=== STORED DATA ===
= Beginning of Section =

theorem lemma13:
  fixes \<alpha> s \<rho> :: real and Z P :: "nat \<Rightarrow> real \<times> real" and i :: nat
  assumes "0 < \<alpha>" and "\<alpha> \<le> pi / 4" and "s > 1" and "\<rho> > 0"
    and "mh_exec \<alpha> s \<rho> Z" and "mh_valid \<alpha> s \<rho> Z"
    and "mh_dom \<alpha> s \<rho> Z i"
    and "P 0 = req s 0" and "\<forall>j. P j \<in> FC \<alpha> s j"
    and "\<forall>j\<in>{1..i}. cautious Z P j"
  shows "cost P i \<ge> cost (\<lambda>j. if j < i then Z j else P i) i"
proof (rule cost_prefix_le)
  show "Z 0 = P 0"
    using assms(5,8) by (simp add: mh_exec_def)
  show "dist (Z m) (Z (Suc m)) + dist (Z (Suc m)) (P (Suc (Suc m)))
      \<le> dist (Z m) (P (Suc m)) + dist (P (Suc m)) (P (Suc (Suc m)))" if "Suc m < i" for m
    using mh_detour_le[OF assms(1-3,5-7,9,10) refl that] .
qed

end
(* Assume (H1)–(H4) as described in the context. Let $\Sigma=\{(x,\varphi(x)):x\in V_1^{c,d}\}$, $\mu(E)=\int_{V_1^{c,d}}\chi_E(x,\varphi(x))\,dx$, and $\mathcal{R}f=\widehat f|_\Sigma$. Let $1\le p,q\le\infty$ and $\frac1{p'}=1-\frac1p$. If there exists a constant $C>0$ such that $\|\mathcal{R}f\|_{L^q(\Sigma,d\mu)}\le C\|f\|_{L^p(\mathbb{R}^4)}$ for all $f\in\mathcal{S}(\mathbb{R}^4)$, then $\frac1q\ge\frac{\alpha_1+\alpha_2+2m}{\alpha_1+\alpha_2}\cdot\frac1{p'}$.
   Context: Fix $\alpha_1,\alpha_2>0$ with $\alpha_1\neq\alpha_2$. For $t>0$ and $x=(x_1,x_2)\in\mathbb{R}^2$ put $t\bullet x=(t^{\alpha_1}x_1,t^{\alpha_2}x_2)$. For reals $a<b$ let $V^{a,b}=\{t\bullet(1,s): a<s<b,\ t>0\}$, and for $a<c<d<b$ let $V^{c,d}=\{t\bullet(1,s):c<s<d,\ t>0\}$ and $V_1^{c,d}=\{t\bullet(1,s): c<s<d,\ 0<t<1\}$. Let $\varphi=(\varphi_1,\varphi_2):V^{a,b}\to\mathbb{R}^2$. For $x\in V^{a,b}$ let $\varphi_j''(x)$ be the Hessian of $\varphi_j$ at $x$ and $Q_x(\zeta)=\det(\zeta_1\varphi_1''(x)+\zeta_2\varphi_2''(x))$. A point $x$ is elliptic for $\varphi$ if $\min_{\zeta\in S^1}|Q_x(\zeta)|>0$. Assumptions: (H1) $\varphi$ is real analytic on $V^{a,b}$. (H2) For some $m\ge 3(\alpha_1+\alpha_2)$, $\varphi(t\bullet x)=t^m\varphi(x)$ for all $x\in V^{a,b}$, $t>0$. (H3) $a<c<d<b$ and $\sigma\in[c,d]$ are such that the set of nonelliptic points of $\varphi$ in $\overline{V^{c,d}}\setminus\{\mathbf 0\}$ is exactly $\{t\bullet(1,\sigma):t>0\}$. (H4) With $\beta=2(m-\alpha_1-\alpha_2)$, there are positive integers $n_1,n_2$ and constants $D,\delta>0$ such that: if $\sigma\in(c,d]$ then $\min_{\zeta\in S^1}|Q_{t\bullet(1,s)}(\zeta)|\ge D t^\beta|s-\sigma|^{n_1}$ for $s\in(\sigma-\delta,\sigma)$, $t>0$; if $\sigma\in[c,d)$ then the same holds with $n_2$ for $s\in(\sigma,\sigma+\delta)$, $t>0$; and $\max\{n_1,n_2\}<\frac{2m}{\alpha_1+\alpha_2}-3$. $L^q(\Sigma,d\mu)$ has norm $\|g\|_q^q=\int_{V_1^{c,d}}|g(x,\varphi(x))|^q dx$. *)

theory Defs
  imports "HOL-Analysis.Analysis"
begin

text \<open>Points of R^2 are pairs of reals; points of R^4 = R^2 x R^2 are pairs of such pairs
 (Euclidean norm, standard inner product and Lebesgue measure lborel).\<close>

definition dil :: "real \<Rightarrow> real \<Rightarrow> real \<Rightarrow> real \<times> real \<Rightarrow> real \<times> real" where
  "dil a1 a2 t x = (t powr a1 * fst x, t powr a2 * snd x)"

definition Vset :: "real \<Rightarrow> real \<Rightarrow> real \<Rightarrow> real \<Rightarrow> (real \<times> real) set" where
  "Vset a1 a2 a b = {dil a1 a2 t (1, s) | t s. 0 < t \<and> a < s \<and> s < b}"

definition V1set :: "real \<Rightarrow> real \<Rightarrow> real \<Rightarrow> real \<Rightarrow> (real \<times> real) set" where
  "V1set a1 a2 c d = {dil a1 a2 t (1, s) | t s. 0 < t \<and> t < 1 \<and> c < s \<and> s < d}"

text \<open>Real analyticity on a set: locally a (absolutely) convergent double power series.\<close>
definition real_analytic_on2 :: "(real \<times> real \<Rightarrow> real) \<Rightarrow> (real \<times> real) set \<Rightarrow> bool" where
  "real_analytic_on2 f S \<longleftrightarrow>
     (\<forall>x0\<in>S. \<exists>r>0. \<exists>c :: nat \<Rightarrow> nat \<Rightarrow> real. \<forall>x\<in>ball x0 r \<inter> S.
        ((\<lambda>(i, j). c i j * (fst x - fst x0) ^ i * (snd x - snd x0) ^ j) has_sum f x) UNIV)"

definition pd1 :: "(real \<times> real \<Rightarrow> real) \<Rightarrow> real \<times> real \<Rightarrow> real" where
  "pd1 f x = deriv (\<lambda>u. f (u, snd x)) (fst x)"

definition pd2 :: "(real \<times> real \<Rightarrow> real) \<Rightarrow> real \<times> real \<Rightarrow> real" where
  "pd2 f x = deriv (\<lambda>u. f (fst x, u)) (snd x)"

text \<open>Q_x(zeta) = det(zeta_1 phi_1''(x) + zeta_2 phi_2''(x)) for the 2x2 Hessians.\<close>
definition Qform :: "(real \<times> real \<Rightarrow> real \<times> real) \<Rightarrow> real \<times> real \<Rightarrow> real \<times> real \<Rightarrow> real" where
  "Qform \<phi> x \<zeta> =
     (let f1 = (\<lambda>y. fst (\<phi> y)); f2 = (\<lambda>y. snd (\<phi> y));
          A11 = fst \<zeta> * pd1 (pd1 f1) x + snd \<zeta> * pd1 (pd1 f2) x;
          A12 = fst \<zeta> * pd2 (pd1 f1) x + snd \<zeta> * pd2 (pd1 f2) x;
          A21 = fst \<zeta> * pd1 (pd2 f1) x + snd \<zeta> * pd1 (pd2 f2) x;
          A22 = fst \<zeta> * pd2 (pd2 f1) x + snd \<zeta> * pd2 (pd2 f2) x
      in A11 * A22 - A12 * A21)"

definition minQ :: "(real \<times> real \<Rightarrow> real \<times> real) \<Rightarrow> real \<times> real \<Rightarrow> real" where
  "minQ \<phi> x = (INF \<zeta>\<in>sphere (0 :: real \<times> real) 1. \<bar>Qform \<phi> x \<zeta>\<bar>)"

definition elliptic :: "(real \<times> real \<Rightarrow> real \<times> real) \<Rightarrow> real \<times> real \<Rightarrow> bool" where
  "elliptic \<phi> x \<longleftrightarrow> minQ \<phi> x > 0"

type_synonym R4 = "(real \<times> real) \<times> (real \<times> real)"

fun iter_dd :: "(R4 \<Rightarrow> complex) \<Rightarrow> R4 list \<Rightarrow> R4 \<Rightarrow> complex" where
  "iter_dd f [] = f"
| "iter_dd f (v # vs) = (\<lambda>x. frechet_derivative (iter_dd f vs) (at x) v)"

definition schwartz :: "(R4 \<Rightarrow> complex) \<Rightarrow> bool" where
  "schwartz f \<longleftrightarrow>
     (\<forall>vs. \<forall>x. iter_dd f vs differentiable (at x)) \<and>
     (\<forall>vs. \<forall>n::nat. \<exists>C. \<forall>x. norm x ^ n * norm (iter_dd f vs x) \<le> C)"

definition fourier :: "(R4 \<Rightarrow> complex) \<Rightarrow> R4 \<Rightarrow> complex" where
  "fourier f \<xi> = (LINT x|lborel. f x * cis (- 2 * pi * (x \<bullet> \<xi>)))"

text \<open>L^p norm, 1 <= p <= infinity (p = top means the essential supremum).\<close>
definition Lp_norm :: "'a measure \<Rightarrow> ennreal \<Rightarrow> ('a \<Rightarrow> complex) \<Rightarrow> ennreal" where
  "Lp_norm M p g =
     (if p = top then (INF C\<in>{C::ennreal. AE x in M. ennreal (norm (g x)) \<le> C}. C)
      else (let I = (\<integral>\<^sup>+ x. ennreal (norm (g x) powr enn2real p) \<partial>M)
            in if I = top then top else ennreal (enn2real I powr (1 / enn2real p))))"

= End of Section =

=== WORK TASK ===
The response must consist solely of the lines from the first line of the entries through the line containing "FC \<alpha> s", repeated exactly.

=== SOLVED EXERCISE ===
theorem lemma13:
  fixes \<alpha> s \<rho> :: real and Z P :: "nat \<Rightarrow> real \<times> real" and i :: nat
  assumes "0 < \<alpha>" and "\<alpha> \<le> pi / 4" and "s > 1" and "\<rho> > 0"
    and "mh_exec \<alpha> s \<rho> Z" and "mh_valid \<alpha> s \<rho> Z"
    and "mh_dom \<alpha> s \<rho> Z i"
    and "P 0 = req s 0" and "\<forall>j. P j \<in> FC \<alpha> s j"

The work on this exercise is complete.